lemma nn_integral_feynman_integrand_pos:
  "(\<forall>l\<le>n. 0 < a l) \<Longrightarrow>
    (\<integral>\<^sup>+t. feynman_integrand n a t \<partial>lborel_pi n) = inverse (ennreal (fact n * (\<Prod>l\<le>n. a l)))"
proof (induction n arbitrary: a)
  case 0
  then show ?case
    by (simp add: PiM_empty nn_integral_count_space_finite feynman_integrand_def
        corner_simplex_def barycentric_comb_def)
next
  case (Suc k a)
  define a' where "a' = a(k := a (Suc k))"
  have a'_pos: "\<forall>l\<le>k. 0 < a' l" using Suc.prems by (auto simp: a'_def)
  have "(\<integral>\<^sup>+t. feynman_integrand (Suc k) a t \<partial>lborel_pi (Suc k)) =
      (\<integral>\<^sup>+\<phi>. inverse (ennreal ((k+1) * a k)) * feynman_integrand k a' \<phi> \<partial>lborel_pi k)"
    unfolding nn_integral_feynman_integrand_Suc a'_def[symmetric]
  proof (rule nn_integral_cong)
    fix \<phi> :: "nat \<Rightarrow> real"
    show "(\<integral>\<^sup>+y. indicator {0..<1} y * ennreal ((1-y)^k) * (indicator (corner_simplex k) \<phi> *
        inverse (ennreal ((1-y) * barycentric_comb k a' \<phi> + y * a k)) ^ (k+2)) \<partial>lborel) =
      inverse (ennreal ((k+1) * a k)) * feynman_integrand k a' \<phi>"
    proof (cases "\<phi> \<in> corner_simplex k")
      case True
      with a'_pos have "0 < barycentric_comb k a' \<phi>"
        by (rule barycentric_comb_pos)
      with True Suc.prems show ?thesis
        using nn_integral_segment_power[of "barycentric_comb k a' \<phi>" "a k" k]
        by (simp add: feynman_integrand_def)
    qed (simp add: feynman_integrand_def)
  qed
  also have "\<dots> = inverse (ennreal ((k+1) * a k)) * inverse (ennreal (fact k * (\<Prod>l\<le>k. a' l)))"
    using Suc.IH[OF a'_pos] by (simp add: nn_integral_cmult)
  also have "\<dots> = inverse (ennreal ((k+1) * a k * (fact k * (\<Prod>l\<le>k. a' l))))"
  proof (rule inverse_ennreal_mult)
    show "0 \<le> real (k+1) * a k" using Suc.prems by (simp add: less_imp_le)
    show "0 \<le> fact k * (\<Prod>l\<le>k. a' l)"
      using a'_pos by (intro mult_nonneg_nonneg prod_nonneg) (auto simp: less_imp_le)
  qed
  also have "(k+1) * a k * (fact k * (\<Prod>l\<le>k. a' l)) = fact (Suc k) * (\<Prod>l\<le>Suc k. a l)"
    by (simp add: a'_def atMost_Suc lessThan_Suc_atMost[symmetric] lessThan_Suc prod.insert_if mult_ac)
  finally show ?case .
qed

lemma nn_integral_feynman_integrand:
  assumes "\<forall>l\<le>n. 0 \<le> a l"
  shows "(\<integral>\<^sup>+t. feynman_integrand n a t \<partial>lborel_pi n) = inverse (ennreal (fact n * (\<Prod>l\<le>n. a l)))"
proof (cases "\<forall>l\<le>n. 0 < a l")
  case True
  then show ?thesis by (rule nn_integral_feynman_integrand_pos)
next
  case False
  with assms have prod_0: "(\<Prod>l\<le>n. a l) = 0"
    by (metis atMost_iff finite_atMost order_less_le prod_zero_iff)
  define I where "I = (\<integral>\<^sup>+t. feynman_integrand n a t \<partial>lborel_pi n)"
  have lower: "inverse (ennreal (fact n * (\<Prod>l\<le>n. a l + e))) \<le> I" if "e > 0" for e
  proof -
    have "inverse (ennreal (fact n * (\<Prod>l\<le>n. a l + e))) =
        (\<integral>\<^sup>+t. feynman_integrand n (\<lambda>l. a l + e) t \<partial>lborel_pi n)"
      using assms that by (intro nn_integral_feynman_integrand_pos[symmetric]) (auto intro: add_nonneg_pos)
    also have "\<dots> \<le> I"
      unfolding I_def feynman_integrand_def barycentric_comb_add_const using that
      by (intro nn_integral_mono mult_left_mono power_mono inverse_ennreal_antimono) auto
    finally show ?thesis .
  qed
  have "((\<lambda>e. ennreal (fact n * (\<Prod>l\<le>n. a l + e))) \<longlongrightarrow> ennreal (fact n * (\<Prod>l\<le>n. a l + 0)))
      (at_right 0)"
    by (intro tendsto_intros)
  moreover have "ennreal (fact n * (\<Prod>l\<le>n. a l + 0)) = 0"
    by (simp add: prod_0)
  ultimately have "((\<lambda>e. ennreal (fact n * (\<Prod>l\<le>n. a l + e))) \<longlongrightarrow> 0) (at_right 0)"
    by (simp only:)
  then have "((\<lambda>e. inverse (ennreal (fact n * (\<Prod>l\<le>n. a l + e)))) \<longlongrightarrow> inverse 0) (at_right 0)"
    by (rule continuous_on_tendsto_compose[OF continuous_on_inverse_ennreal[OF continuous_on_id],
        where s = UNIV]) auto
  then have "inverse 0 \<le> I"
    using lower eventually_at_right_less[of 0]
    by (intro tendsto_le[OF trivial_limit_at_right_real tendsto_const]) (auto elim: eventually_mono)
  then show ?thesis
    by (simp add: I_def prod_0 top_unique)
qed

lemma H_param_eq_corner_simplex:
  "H_param (Suc n) = corner_simplex n \<inter> space (lborel_pi n)"
  by (auto simp: H_param_def corner_simplex_def space_PiM)

lemma emeasure_H_param:
  "emeasure (lborel_pi n) (H_param (Suc n)) = ennreal (1 / fact n)"
  using emeasure_std_simplex_aux[of "{..<n}" 1]
  by (simp add: H_param_eq_corner_simplex corner_simplex_def)

lemma measurable_theta_of:
  "theta_of (Suc n) \<in> measurable (lborel_pi n) (lborel_pi (Suc n))"
proof -
  have "theta_of (Suc n) = (\<lambda>t. \<lambda>l\<in>{..<Suc n}. if l < n then t l else 1 - (\<Sum>k<n. t k))"
    by (auto simp: theta_of_def fun_eq_iff)
  also have "\<dots> \<in> measurable (lborel_pi n) (lborel_pi (Suc n))"
  proof (rule measurable_restrict)
    fix l
    show "(\<lambda>t. if l < n then t l else 1 - (\<Sum>k<n. t k)) \<in> measurable (lborel_pi n) lborel"
      by (cases "l < n") simp_all
  qed
  finally show ?thesis .
qed

lemma nn_integral_H_uniform:
  assumes f: "f \<in> borel_measurable (lborel_pi (Suc n))"
  shows "(\<integral>\<^sup>+\<theta>. f \<theta> \<partial>H_uniform (Suc n)) = ennreal (fact n) *
    (\<integral>\<^sup>+t. f (theta_of (Suc n) t) * indicator (corner_simplex n) t \<partial>lborel_pi n)"
proof -
  have H_sets: "H_param (Suc n) \<in> sets (lborel_pi n)"
    by (simp add: H_param_eq_corner_simplex)
  have f_theta: "(\<lambda>t. f (theta_of (Suc n) t)) \<in> borel_measurable (lborel_pi n)"
    using measurable_comp[OF measurable_theta_of f] by (simp add: comp_def)
  have "(\<integral>\<^sup>+\<theta>. f \<theta> \<partial>H_uniform (Suc n)) =
      (\<integral>\<^sup>+t. f (theta_of (Suc n) t) \<partial>uniform_measure (lborel_pi n) (H_param (Suc n)))"
    unfolding H_uniform_def diff_Suc_1
    by (rule nn_integral_distr) (use measurable_theta_of f in \<open>simp_all cong: measurable_cong_sets\<close>)
  also have "\<dots> = (\<integral>\<^sup>+t. f (theta_of (Suc n) t) * indicator (H_param (Suc n)) t \<partial>lborel_pi n) /
      ennreal (1 / fact n)"
    unfolding emeasure_H_param[symmetric] by (rule nn_integral_uniform_measure[OF f_theta H_sets])
  also have "(\<integral>\<^sup>+t. f (theta_of (Suc n) t) * indicator (H_param (Suc n)) t \<partial>lborel_pi n) =
      (\<integral>\<^sup>+t. f (theta_of (Suc n) t) * indicator (corner_simplex n) t \<partial>lborel_pi n)"
    by (intro nn_integral_cong) (simp add: H_param_eq_corner_simplex indicator_def)
  finally show ?thesis
    by (simp add: divide_ennreal_def inverse_ennreal mult.commute)
qed

lemma f_crit_term_eq_inverse_power:
  assumes "0 \<le> D"
  shows "(if D = 0 then \<infinity> else ennreal ((1 / D) powr real (Suc n))) = inverse (ennreal D) ^ Suc n"
proof (cases "D = 0")
  case False
  with assms have "D > 0" by simp
  then have "(1 / D) powr real (Suc n) = 1 / D ^ Suc n"
    using powr_realpow[of "1 / D" "Suc n"] by (simp add: power_one_over)
  with \<open>D > 0\<close> False show ?thesis
    by (simp only: if_False inverse_ennreal_power)
qed simp

lemma f_crit_theta_of:
  assumes "t \<in> corner_simplex n"
  shows "f_crit (Suc n) N (2 * real (Suc n)) X (theta_of (Suc n) t) =
    (\<Sum>i<N. \<Sum>j\<in>{i+1..<N}. inverse (ennreal (barycentric_comb n (\<lambda>l. (X i l - X j l)^2) t)) ^ Suc n)"
proof -
  have "(\<Sum>l<Suc n. theta_of (Suc n) t l * (X i l - X j l)^2) = barycentric_comb n (\<lambda>l. (X i l - X j l)^2) t"
    for i j by (simp add: theta_of_def barycentric_comb_def mult.commute)
  moreover have "0 \<le> barycentric_comb n (\<lambda>l. (X i l - X j l)^2) t" for i j
    using assms by (intro barycentric_comb_nonneg) auto
  moreover have "2 * real (Suc n) / 2 = real (Suc n)"
    by simp
  ultimately show ?thesis
    unfolding f_crit_def Let_def by (simp only: f_crit_term_eq_inverse_power)
qed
------------------------------
### WORK TASK
The string "where" may occur on several lines of the listing; state how many such lines there are, giving the number only.

### SOLUTION
3